EXERCISE AIM – Lines that contain the string "layers" are the ones to list; copy all of them from the records.

[Start of Attachment]

lemma F_eq_1_at_right_endpoint:
  assumes "t \<in> \<Theta>" "t \<notin> ThetaO tb"
  shows "F t = 1"
proof -
  have "ereal t = tb"
    using assms by (auto simp: Theta_def ThetaO_def)
  then have "{u\<in>\<Theta>. t < u} = {}"
    by (auto simp: Theta_iff)
  then show ?thesis
    using tail_f_integral[OF assms(1)] by (simp add: set_lebesgue_integral_def)
qed

lemma F_has_real_derivative:
  assumes "0 \<le> a" "b \<in> \<Theta>" "x \<in> {a..b}"
  shows "(F has_real_derivative f x) (at x within {a..b})"
proof -
  have "{0..b} \<subseteq> \<Theta>"
    using assms(2) by (rule Icc_subset_Theta[OF order_refl])
  then have "(F has_real_derivative f x) (at x within {0..b})"
    using assms F_def
    by (intro has_real_derivative_indefinite_integral[where c=0] continuous_on_subset[OF f_cont])
      auto
  then show ?thesis
    by (rule has_field_derivative_subset) (use assms in auto)
qed

lemma F_continuous_on: "0 \<le> a \<Longrightarrow> b \<in> \<Theta> \<Longrightarrow> continuous_on {a..b} F"
  by (rule DERIV_continuous_on[OF F_has_real_derivative])

lemma F_strict_mono:
  assumes "u \<in> \<Theta>" "v \<in> \<Theta>" "u < v"
  shows "F u < F v"
proof (rule DERIV_pos_imp_increasing_open[OF \<open>u < v\<close>])
  have "0 \<le> u" using assms(1) by (simp add: Theta_iff)
  then show "continuous_on {u..v} F"
    using assms(2) by (rule F_continuous_on)
  fix x assume x: "u < x" "x < v"
  then have "x \<in> \<Theta>"
    using Icc_subset_Theta[OF \<open>0 \<le> u\<close> assms(2)] by auto
  moreover have "(F has_real_derivative f x) (at x)"
    using F_has_real_derivative[OF \<open>0 \<le> u\<close> assms(2), of x] x by (simp add: at_within_Icc_at)
  ultimately show "\<exists>y. (F has_real_derivative y) (at x) \<and> 0 < y"
    using f_pos by blast
qed

lemma F_mono: "u \<in> \<Theta> \<Longrightarrow> v \<in> \<Theta> \<Longrightarrow> u \<le> v \<Longrightarrow> F u \<le> F v"
  using F_strict_mono by (cases "u = v") (auto intro: less_imp_le)

(* Extended by 0 outside \<Theta>, so that its superlevel sets at levels c \<ge> 0 lie in \<Theta>. *)
definition inv_hazard :: "real \<Rightarrow> real" where
  "inv_hazard t = (if t \<in> \<Theta> then (1 - F t) / f t else 0)"

lemma inv_hazard_measurable [measurable]: "inv_hazard \<in> borel_measurable borel"
proof -
  have "F \<in> borel_measurable (restrict_space borel \<Theta>)"
    by (rule borel_measurable_mono_on_fnc) (auto intro: mono_onI F_mono)
  moreover have "f \<in> borel_measurable (restrict_space borel \<Theta>)"
    by (rule borel_measurable_continuous_on_restrict[OF f_cont])
  ultimately have "(\<lambda>t. (1 - F t) / f t) \<in> borel_measurable (restrict_space borel \<Theta>)"
    by measurable
  then show ?thesis
    unfolding inv_hazard_def by (subst measurable_If_restrict_space_iff) auto
qed

lemma inv_hazard_nonneg: "0 \<le> inv_hazard t"
  using survival_nonneg f_pos by (simp add: inv_hazard_def less_imp_le)

lemma survival_integrable: "set_integrable lborel \<Theta> (\<lambda>t. 1 - F t)"
proof -
  (* \<integral> (1 - F) is the mean: the layer-cake formula for g t = t. *)
  let ?g = "\<lambda>t. indicator \<Theta> t * t" and ?k = "\<lambda>t. indicator \<Theta> t * f t"
  have layers: "set_integrable lborel {0..} (\<lambda>c. LINT t:{t. c < ?g t}|lborel. ?k t)"
  proof (rule layer_cake_integral)
    have "(\<lambda>t. ?g t * ?k t) = (\<lambda>t. indicator \<Theta> t *\<^sub>R (t * f t))"
      by (auto simp: fun_eq_iff indicator_def)
    then show "integrable lborel (\<lambda>t. ?g t * ?k t)"
      using finite_mean by (simp add: set_integrable_def)
    show "0 \<le> ?g t" for t
      by (simp add: indicator_def Theta_iff)
  qed (simp_all add: lborel.sigma_finite_measure_axioms)
  have layer_eq: "(LINT t:{t. c < ?g t}|lborel. ?k t) = indicator \<Theta> c * (1 - F c)"
    if "c \<in> {0..}" for c
  proof -
    have "{t. c < ?g t} = {t\<in>\<Theta>. c < t}"
      using that by (auto simp: indicator_def)
    then have "(LINT t:{t. c < ?g t}|lborel. ?k t) = (LINT t:{t\<in>\<Theta>. c < t}|lborel. f t)"
      by (simp add: set_lebesgue_integral_cong)
    moreover have "{t\<in>\<Theta>. c < t} = {}" if "c \<notin> \<Theta>"
      using \<open>c \<in> {0..}\<close> Icc_subset_Theta[of c _ tb] that by force
    ultimately show ?thesis
      using tail_f_integral[of c] by (cases "c \<in> \<Theta>") (simp_all add: set_lebesgue_integral_def)
  qed
  have "set_integrable lborel {0..} (\<lambda>c. indicator \<Theta> c * (1 - F c))"
    using layers by (subst set_integrable_cong[OF refl refl]) (auto simp: layer_eq)
  then have "set_integrable lborel \<Theta> (\<lambda>c. indicator \<Theta> c * (1 - F c))"
    by (rule set_integrable_subset) (auto simp: Theta_iff)
  then show ?thesis
    by (subst set_integrable_cong[OF refl refl, where f'="\<lambda>c. indicator \<Theta> c * (1 - F c)"]) auto
qed

section \<open>Sufficiency of IFR and DFR\<close>

lemma W0_eq: "W0 tb F f s = (LINT t:\<Theta>|lborel. (1 - F t) * s t)"
  unfolding W0_def by (rule set_lebesgue_integral_cong) (use f_pos in auto)

lemma set_integrable_survival_mult:
  assumes "set_borel_measurable lborel \<Theta> h" "bounded (h ` \<Theta>)"
  shows "set_integrable lborel \<Theta> (\<lambda>t. (1 - F t) * h t)"
proof -
  obtain B where "0 < B" and B: "\<And>t. t \<in> \<Theta> \<Longrightarrow> \<bar>h t\<bar> \<le> B"
    using assms(2) by (auto simp: bounded_pos)
  show ?thesis
  proof (rule set_integrable_bound[OF set_integrable_mult_left[OF survival_integrable, of B]])
    have "set_borel_measurable lborel \<Theta> (\<lambda>t. 1 - F t)"
      using survival_integrable by (simp add: set_integrable_def set_borel_measurable_def)
    then show "set_borel_measurable lborel \<Theta> (\<lambda>t. (1 - F t) * h t)"
      using assms(1) by (rule set_borel_measurable_mult)
    show "AE t in lborel. t \<in> \<Theta> \<longrightarrow> norm ((1 - F t) * h t) \<le> norm ((1 - F t) * B)"
      using B survival_nonneg \<open>0 < B\<close> by (auto simp: abs_mult intro!: mult_left_mono)
  qed
qed

lemma W0_diff:
  assumes "set_borel_measurable lborel \<Theta> s" "bounded (s ` \<Theta>)"
    and "set_borel_measurable lborel \<Theta> sh" "bounded (sh ` \<Theta>)"
  shows "W0 tb F f s - W0 tb F f sh = (LINT t:\<Theta>|lborel. (1 - F t) * (s t - sh t))"
  using set_integrable_survival_mult[OF assms(1,2)] set_integrable_survival_mult[OF assms(3,4)]
  by (simp add: W0_eq right_diff_distrib)

lemma survival_integral_layer_cake:
  assumes "set_borel_measurable lborel \<Theta> h" "bounded (h ` \<Theta>)"
  shows "(LINT t:\<Theta>|lborel. (1 - F t) * h t)
           = (LINT c:{0..}|lborel. LINT t:{t. c < inv_hazard t}|lborel. h t * f t)"
proof -
  let ?k = "\<lambda>t. indicator \<Theta> t * (h t * f t)"
  have gk: "inv_hazard t * ?k t = indicator \<Theta> t * ((1 - F t) * h t)" for t
    using f_pos by (auto simp: inv_hazard_def indicator_def)
  have "(LINT t:\<Theta>|lborel. (1 - F t) * h t) = (\<integral>t. inv_hazard t * ?k t \<partial>lborel)"
    by (simp add: gk set_lebesgue_integral_def)
  also have "\<dots> = (LINT c:{0..}|lborel. LINT t:{t. c < inv_hazard t}|lborel. ?k t)"
  proof (rule layer_cake_integral(2))
    have "set_borel_measurable lborel \<Theta> (\<lambda>t. h t * f t)"
      using assms(1) f_measurable by (intro set_borel_measurable_mult) (simp_all add: set_borel_measurable_def)
    then show "?k \<in> borel_measurable lborel"
      by (simp add: set_borel_measurable_def)
    show "integrable lborel (\<lambda>t. inv_hazard t * ?k t)"
      using set_integrable_survival_mult[OF assms] by (simp add: gk set_integrable_def)
  qed (simp_all add: lborel.sigma_finite_measure_axioms inv_hazard_nonneg)
  also have "\<dots> = (LINT c:{0..}|lborel. LINT t:{t. c < inv_hazard t}|lborel. h t * f t)"
  proof (rule set_lebesgue_integral_cong, simp, intro allI impI)
    fix c :: real assume "c \<in> {0..}"
    have "{t. c < inv_hazard t} \<in> sets lborel"
      by measurable
    then show "(LINT t:{t. c < inv_hazard t}|lborel. ?k t) = (LINT t:{t. c < inv_hazard t}|lborel. h t * f t)"
      by (rule set_lebesgue_integral_cong) (use \<open>c \<in> {0..}\<close> in \<open>auto simp: inv_hazard_def split: if_splits\<close>)
  qed
  finally show ?thesis .
qed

[End of Attachment]

SOLUTION TO THE PROBLEM –
  have layers: "set_integrable lborel {0..} (\<lambda>c. LINT t:{t. c < ?g t}|lborel. ?k t)"
    using layers by (subst set_integrable_cong[OF refl refl]) (auto simp: layer_eq)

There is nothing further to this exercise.